The overall military leadership of the elite of the Bruneian Empire was ultimately vested in the Sultan of Brunei as the supreme ruler, and in the regional governors, such as Pengiran Indera Mahkota whom he appointed. Most of the major Bruneian wartime commanders had previous experience in regional governance, trade protection, and localised warfare. A smaller number of military leaders originated from allied local tribes and regional mercenaries.

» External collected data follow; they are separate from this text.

lemma powr_ratio_mult_step_sq_le:
  fixes a c t :: real
  assumes c: "c > 1" and t: "0 \<le> t" and i: "1 \<le> i"
  shows "((c + real i) / (c + real n)) powr t * (a / (c + real (i - 1)))^2
         \<le> 4 * a^2 * (c + real n) powr (- t) * (c + real i) powr (t - 2)"
proof -
  have ci: "c + real i > 0" "c + real n > 0" using c by auto
  have "1 / (c + real i - 1) \<le> 2 / (c + real i)" using c i by (simp add: field_simps)
  hence "(1 / (c + real i - 1))^2 \<le> (2 / (c + real i))^2"
    by (rule power_mono) (use c in simp)
  hence q: "1 / (c + real i - 1)^2 \<le> 4 / (c + real i)^2" by (simp add: power_divide)
  have ratio: "((c + real i) / (c + real n)) powr t = (c + real n) powr (- t) * (c + real i) powr t"
    using ci by (subst powr_divide) (auto simp: powr_minus divide_inverse)
  have step: "(a / (c + real (i - 1)))^2 = a^2 * (1 / (c + real i - 1)^2)"
    using i by (simp add: power_divide of_nat_diff algebra_simps)
  have "((c + real i) / (c + real n)) powr t * (a / (c + real (i - 1)))^2
      = a^2 * (c + real n) powr (- t) * ((c + real i) powr t * (1 / (c + real i - 1)^2))"
    unfolding ratio step by (simp only: mult_ac)
  also have "\<dots> \<le> a^2 * (c + real n) powr (- t) * ((c + real i) powr t * (4 / (c + real i)^2))"
    using q by (intro mult_left_mono) auto
  also have "\<dots> = 4 * a^2 * (c + real n) powr (- t) * ((c + real i) powr t / (c + real i)^2)"
    by simp
  also have "(c + real i) powr t / (c + real i)^2 = (c + real i) powr (t - 2)"
    using ci by (simp add: powr_diff powr_numeral)
  finally show ?thesis .
qed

Some of them derived from territories other than Sarawak.

In the rebel camp, the leadership was divided between the local Sarawak Malay chiefs and Bidayuh chiefs. Prominent Malay rebel commanders, such as Datu Patinggi Ali, had previously served the Bruneian Sultanate and had taken informal oaths of loyalty to the crown before joining the rebellion against it.

== The Sultanate of Brunei ==

=== Civilian military leaders ===
Sultan Omar Ali Saifuddien II was Commander-in-Chief of the Bruneian armed forces throughout the conflict; He had appointed Muhammad Saleh as governor, replacing the previous viceroy, Datu Patinggi Ali. During the rebellion, he sent his uncle, Pengiran Muda Hashim to quell the rebellion; who soon asked James Brooke for assistance.

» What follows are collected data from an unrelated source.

(* Let $\mathbf x,\mathbf y$ be two different instances. If $P(\mathbf y\in I(\mathbf x))<1$, then $P(I(\mathbf x)\cap I(\mathbf y)=\emptyset)=1$, meaning: for every instance $\mathbf w$, $P(\mathbf w\in I(\mathbf x)\cap I(\mathbf y))=0$. Moreover, $$P(\mathbf y\in I(\mathbf x))=1\iff P(I(\mathbf x)=I(\mathbf y))=1,$$ where $P(I(\mathbf x)=I(\mathbf y))=1$ means: for every instance $\mathbf w$, $P(\mathbf w\in I(\mathbf x))=1$ if and only if $P(\mathbf w\in I(\mathbf y))=1$.
   Context: Setting: $n$ instances with covariates in $\mathbb R^d$ form the dataset $\mathcal D=\mathcal D_n$; a forest of $K$ axis-aligned causal trees is built on $\mathcal D$, the trees being independent given $\mathcal D$. $L_k(\mathbf u)$ is the leaf of tree $k$ containing $\mathbf u$ (each point lies in exactly one leaf of each tree). For instances $\mathbf u,\mathbf v$, $P(\mathbf u\in L(\mathbf v))$ denotes $P(\mathbf u\in L_k(\mathbf v)\mid\mathcal D)$ (same for all $k$), the events $\{\mathbf u\in L_k(\mathbf v)\}$, $k=1,\dots,K$, are independent given $\mathcal D$, and $\lim_{n\to\infty}P(\mathbf u\in L(\mathbf v))$ is assumed to exist for all pairs. LILI with $K$ trees: $\mathbf u\in I(\mathbf v,\Theta_K)$ iff the number of $k\le K$ with $\mathbf u\in L_k(\mathbf v)$ exceeds $K-\sqrt K$. All probabilities of events involving $I(\cdot)$ are conditional on $\mathcal D$ and defined as $\lim_{K\to\infty}\lim_{n\to\infty}$ of the corresponding probabilities with $I(\cdot,\Theta_K)$, e.g. $P(\mathbf u\in I(\mathbf v)):=\lim_{K}\lim_{n}P(\mathbf u\in I(\mathbf v,\Theta_K)\mid\mathcal D_n)$ and $P(\mathbf w\in I(\mathbf x)\cap I(\mathbf y)):=\lim_K\lim_nP(\mathbf w\in I(\mathbf x,\Theta_K)\cap I(\mathbf y,\Theta_K)\mid\mathcal D_n)$. *)

theory Defs
  imports "HOL-Probability.Probability"
begin

text \<open>For each dataset size n, Omega n is the probability space of the
tree randomness given the dataset D_n (so all probabilities are conditional on D_n).
L n k om v is the leaf of tree k (of the forest built on D_n, outcome om) containing v.\<close>

text \<open>The LILI event  u in I(v, Theta_K): more than K - sqrt K of the first K trees
put u into the leaf of v.\<close>
definition lili_event ::
  "'o measure \<Rightarrow> (nat \<Rightarrow> 'o \<Rightarrow> 'a \<Rightarrow> 'a set) \<Rightarrow> nat \<Rightarrow> 'a \<Rightarrow> 'a \<Rightarrow> 'o set" where
  "lili_event M Lf K u v =
     {om \<in> space M. real (card {k \<in> {..<K}. u \<in> Lf k om v}) > real K - sqrt (real K)}"

definition prob_I ::
  "(nat \<Rightarrow> 'o measure) \<Rightarrow> (nat \<Rightarrow> nat \<Rightarrow> 'o \<Rightarrow> 'a \<Rightarrow> 'a set) \<Rightarrow> 'a \<Rightarrow> 'a \<Rightarrow> real" where
  "prob_I Om L u v =
     lim (\<lambda>K. lim (\<lambda>n. measure (Om n) (lili_event (Om n) (L n) K u v)))"

text \<open>P(w in I(x) \<inter> I(y)) = c, as the iterated limit lim_K lim_n; since the inner limit
need not exist a priori, we require that both lim_K limsup_n and lim_K liminf_n equal c
(this coincides with lim_K lim_n = c whenever the inner limits exist).\<close>
definition prob_I_inter_is ::
  "(nat \<Rightarrow> 'o measure) \<Rightarrow> (nat \<Rightarrow> nat \<Rightarrow> 'o \<Rightarrow> 'a \<Rightarrow> 'a set) \<Rightarrow> 'a \<Rightarrow> 'a \<Rightarrow> 'a \<Rightarrow> real \<Rightarrow> bool" where
  "prob_I_inter_is Om L w x y c \<longleftrightarrow>
     ((\<lambda>K. limsup (\<lambda>n. ereal (measure (Om n)
          (lili_event (Om n) (L n) K w x \<inter> lili_event (Om n) (L n) K w y)))) \<longlonglongrightarrow> ereal c) \<and>
     ((\<lambda>K. liminf (\<lambda>n. ereal (measure (Om n)
          (lili_event (Om n) (L n) K w x \<inter> lili_event (Om n) (L n) K w y)))) \<longlonglongrightarrow> ereal c)"

end

theory Submission
  imports Defs "HOL-Real_Asymp.Real_Asymp"
begin

(* Given the data, the number of the first K trees that put u into the leaf of v is binomial with
   parameters K and p_n = P(u in L(v)). So P(u in I(v, Theta_K)) is a polynomial in p_n, and its limit
   in n is the binomial tail beyond K - sqrt K at p = lim p_n. For c > 0 the tail beyond K - c sqrt K
   tends to 1 if p = 1 and to 0 if p < 1: at most (c sqrt K + 1) K^(c sqrt K) sets of trees are that
   large, each of probability at most p^(K - c sqrt K). Hence P(u in I(v)) is 1 or 0.
   If w is in I(x, Theta_K) and in I(y, Theta_K), more than K - 2 sqrt K trees put w into the leaves
   of both x and y; these leaves coincide, so those trees put y into the leaf of x, an event whose
   probability vanishes in the limit when P(y in L(x)) < 1. The equivalence follows from
   P(A \<inter> B) \<ge> P(A) + P(B) - 1 applied to single-tree leaf events. *)

lemma count_hits_eq_UN:
  fixes K :: nat
  shows "{\<omega>\<in>\<Omega>. P (card {k\<in>{..<K}. \<omega> \<in> A k})} =
   (\<Union>S\<in>{S. S \<subseteq> {..<K} \<and> P (card S)}. {\<omega>\<in>\<Omega>. {k\<in>{..<K}. \<omega> \<in> A k} = S})"
  by auto

lemma hit_pattern_eq_Inter:
  fixes K :: nat
  assumes "S \<subseteq> {..<K}" and "K \<noteq> 0" and "\<And>k. A k \<subseteq> \<Omega>"
  shows "{\<omega>\<in>\<Omega>. {k\<in>{..<K}. \<omega> \<in> A k} = S} = (\<Inter>k<K. if k \<in> S then A k else \<Omega> - A k)"
proof (intro set_eqI iffI)
  fix \<omega> assume \<omega>: "\<omega> \<in> (\<Inter>k<K. if k \<in> S then A k else \<Omega> - A k)"
  have "0 \<in> {..<K}"
    using assms(2) by simp
  with \<omega> have "\<omega> \<in> (if 0 \<in> S then A 0 else \<Omega> - A 0)"
    by (rule INT_D)
  with \<omega> show "\<omega> \<in> {\<omega>\<in>\<Omega>. {k\<in>{..<K}. \<omega> \<in> A k} = S}"
    using assms(1,3) by (auto split: if_splits)
qed (auto split: if_splits)

lemma (in prob_space) hit_pattern_in_events:
  fixes K :: nat
  assumes "\<And>k. A k \<in> events" and "S \<subseteq> {..<K}"
  shows "{\<omega>\<in>space M. {k\<in>{..<K}. \<omega> \<in> A k} = S} \<in> events"
proof -
  have "{\<omega>\<in>space M. {k\<in>{..<K}. \<omega> \<in> A k} = S}
      = {\<omega>\<in>space M. \<forall>k\<in>{..<K}. \<omega> \<in> A k \<longleftrightarrow> k \<in> S}"
    using assms(2) by auto
  also have "\<dots> \<in> events"
  proof (intro sets.sets_Collect_finite_All)
    show "{\<omega>\<in>space M. \<omega> \<in> A k \<longleftrightarrow> k \<in> S} \<in> events" for k
      using assms(1) by (cases "k \<in> S") (auto simp: Collect_neg_eq Diff_eq[symmetric])
  qed simp
  finally show ?thesis .
qed

lemma (in prob_space) count_hits_in_events:
  fixes K :: nat
  assumes "\<And>k. A k \<in> events"
  shows "{\<omega>\<in>space M. P (card {k\<in>{..<K}. \<omega> \<in> A k})} \<in> events"
  unfolding count_hits_eq_UN using assms by (intro sets.finite_UN ballI hit_pattern_in_events) auto

lemma (in prob_space) prob_hit_pattern:
  assumes ev: "\<And>k. A k \<in> events" and ind: "indep_events A UNIV" and pr: "\<And>k. prob (A k) = q"
    and S: "S \<subseteq> {..<K}"
  shows "prob {\<omega>\<in>space M. {k\<in>{..<K}. \<omega> \<in> A k} = S} = q ^ card S * (1 - q) ^ (K - card S)"
proof (cases "K = 0")
  case True
  with S show ?thesis by (simp add: prob_space)
next
  case False
  define B where "B k = (if k \<in> S then A k else space M - A k)" for k
  have pattern_eq: "{\<omega>\<in>space M. {k\<in>{..<K}. \<omega> \<in> A k} = S} = (\<Inter>k<K. B k)"
    unfolding B_def using S False ev[THEN sets.sets_into_space] by (rule hit_pattern_eq_Inter)
  have "indep_sets (\<lambda>k. sigma_sets (space M) {A k}) UNIV"
    using ind unfolding indep_events_def_alt by (intro indep_sets_sigma) (auto simp: Int_stable_def)
  then have "prob (\<Inter>k<K. B k) = (\<Prod>k<K. prob (B k))"
    using False by (intro indep_setsD) (auto simp: B_def intro: sigma_sets.Compl)
  also have "\<dots> = (\<Prod>k<K. if k \<in> S then q else 1 - q)"
    by (intro prod.cong) (auto simp: B_def pr prob_compl ev)
  also have "\<dots> = q ^ card S * (1 - q) ^ (K - card S)"
    using S by (simp add: prod.If_cases Int_absorb1 Diff_eq[symmetric] card_Diff_subset finite_subset)
  finally show ?thesis
    unfolding pattern_eq .
qed

lemma (in prob_space) prob_count_hits:
  fixes K :: nat
  assumes ev: "\<And>k. A k \<in> events" and ind: "indep_events A UNIV" and pr: "\<And>k. prob (A k) = q"
  shows "prob {\<omega>\<in>space M. P (card {k\<in>{..<K}. \<omega> \<in> A k})} =
         (\<Sum>S | S \<subseteq> {..<K} \<and> P (card S). q ^ card S * (1 - q) ^ (K - card S))"
proof -
  let ?E = "\<lambda>S. {\<omega>\<in>space M. {k\<in>{..<K}. \<omega> \<in> A k} = S}"
  have "prob (\<Union>S\<in>{S. S \<subseteq> {..<K} \<and> P (card S)}. ?E S)
      = (\<Sum>S | S \<subseteq> {..<K} \<and> P (card S). prob (?E S))"
    by (intro finite_measure_finite_Union image_subsetI hit_pattern_in_events ev)
      (auto simp: disjoint_family_on_def)
  also have "\<dots> = (\<Sum>S | S \<subseteq> {..<K} \<and> P (card S). q ^ card S * (1 - q) ^ (K - card S))"
    by (intro sum.cong refl prob_hit_pattern[OF ev ind pr]) simp
  finally show ?thesis
    unfolding count_hits_eq_UN .
qed

definition binomial_tail :: "nat \<Rightarrow> real \<Rightarrow> real \<Rightarrow> real" where
  "binomial_tail K t q =
     (\<Sum>S | S \<subseteq> {..<K} \<and> t < real (card S). q ^ card S * (1 - q) ^ (K - card S))"

lemma tendsto_binomial_tail [tendsto_intros]:
  "(f \<longlongrightarrow> q) F \<Longrightarrow> ((\<lambda>x. binomial_tail K t (f x)) \<longlongrightarrow> binomial_tail K t q) F"
  unfolding binomial_tail_def by (intro tendsto_intros)

lemma binomial_tail_nonneg: "0 \<le> q \<Longrightarrow> q \<le> 1 \<Longrightarrow> 0 \<le> binomial_tail K t q"
  unfolding binomial_tail_def by (intro sum_nonneg) auto

lemma binomial_tail_one:
  assumes "t < real K"
  shows "binomial_tail K t 1 = 1"
proof -
  have "binomial_tail K t 1 = (\<Sum>S | S \<subseteq> {..<K} \<and> t < real (card S). if S = {..<K} then 1 else 0)"
    unfolding binomial_tail_def
  proof (intro sum.cong refl)
    fix S assume "S \<in> {S. S \<subseteq> {..<K} \<and> t < real (card S)}"
    then have "S \<subseteq> {..<K}" by simp
    then have "K - card S = 0 \<longleftrightarrow> S = {..<K}"
      using card_subset_eq[of "{..<K}" S] card_mono[of "{..<K}" S] by auto
    then show "1 ^ card S * (1 - 1) ^ (K - card S) = (if S = {..<K} then 1 else (0::real))"
      by auto
  qed
  also have "\<dots> = 1"
    using assms by (subst sum.delta) auto
  finally show ?thesis .
qed

lemma binomial_tail_le_powr:
  assumes "0 \<le> q" "q \<le> 1" "0 \<le> t"
  shows "binomial_tail K t q \<le> card {S. S \<subseteq> {..<K} \<and> t < real (card S)} * q powr t"
proof -
  have term_le: "q ^ card S * (1 - q) ^ (K - card S) \<le> q powr t"
    if "t < real (card S)" for S :: "nat set"
  proof -
    have "q ^ card S * (1 - q) ^ (K - card S) \<le> q ^ card S"
      using assms by (intro mult_left_le power_le_one) auto
    also have "\<dots> \<le> q powr t"
    proof (cases "q = 0")
      case True
      moreover have "card S \<noteq> 0"
        using assms(3) that by linarith
      ultimately show ?thesis
        by (simp add: power_0_left)
    next
      case False
      then have "q ^ card S = q powr real (card S)"
        using assms by (simp add: powr_realpow)
      also have "\<dots> \<le> q powr t"
        using assms that False by (intro powr_mono') auto
      finally show ?thesis .
    qed
    finally show ?thesis .
  qed
  then have "binomial_tail K t q \<le> (\<Sum>S | S \<subseteq> {..<K} \<and> t < real (card S). q powr t)"
    unfolding binomial_tail_def by (intro sum_mono term_le) simp
  then show ?thesis
    by simp
qed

| Title | Name |  | Tenure | Notes |
|---|---|---|---|---|
| Commander-in-Chief |  | Omar Ali Saifuddien II | 2 June 1836 – 20 December 1840 (1,662 days during the war) |  |

=== Major officers ===
When the war began, the Bruneian forces stationed in Sarawak Asal consisted of likely around 1,000 men or fewer. That stated, most of the major wartime commanders had some sort of experience. Over the course of the war, the main commanders during the war; in order of service, were Pengiran Indera Mahkota and Pengiran Muda Hashim.

Commanding Generals, Brunei.

| No. | Name |  | Tenure | Notes |
|---|---|---|---|---|
| 1 |  | Pengiran Indera Mahkota Muhammad Saleh | 1827 – 20 December 1840 |  |
| 2 |  | Pengiran Muda Hashim | around 5-9 June, 1836 – 20 December 1840 |  |

=== Minor leaders ===
To turn the tides of the war, Omar Ali Saifuddien II, requested additional aid from the other Bruneian princes in nearby areas by late 1836, in response of the defeat in Lidah Tanah which included.

- James Brooke (Note: Was not apart of assistance of the war effort in the uprising, joining the war in the side of the Bruneian forces in 1839.)
- Sharif Jafar
- Sharif Shabab
- Orang Kaya Temenggung of Lundu
- Orang Kaya Pemanca of Bintulu
- additional chiefs from Miri and Mukah

== Sarawak Asal (The Rebels) ==
In spite of the rebellion already active in the 1830s; no centralised leadership would exist until 1836, when Datu Patinggi Ali became part of the rebellion.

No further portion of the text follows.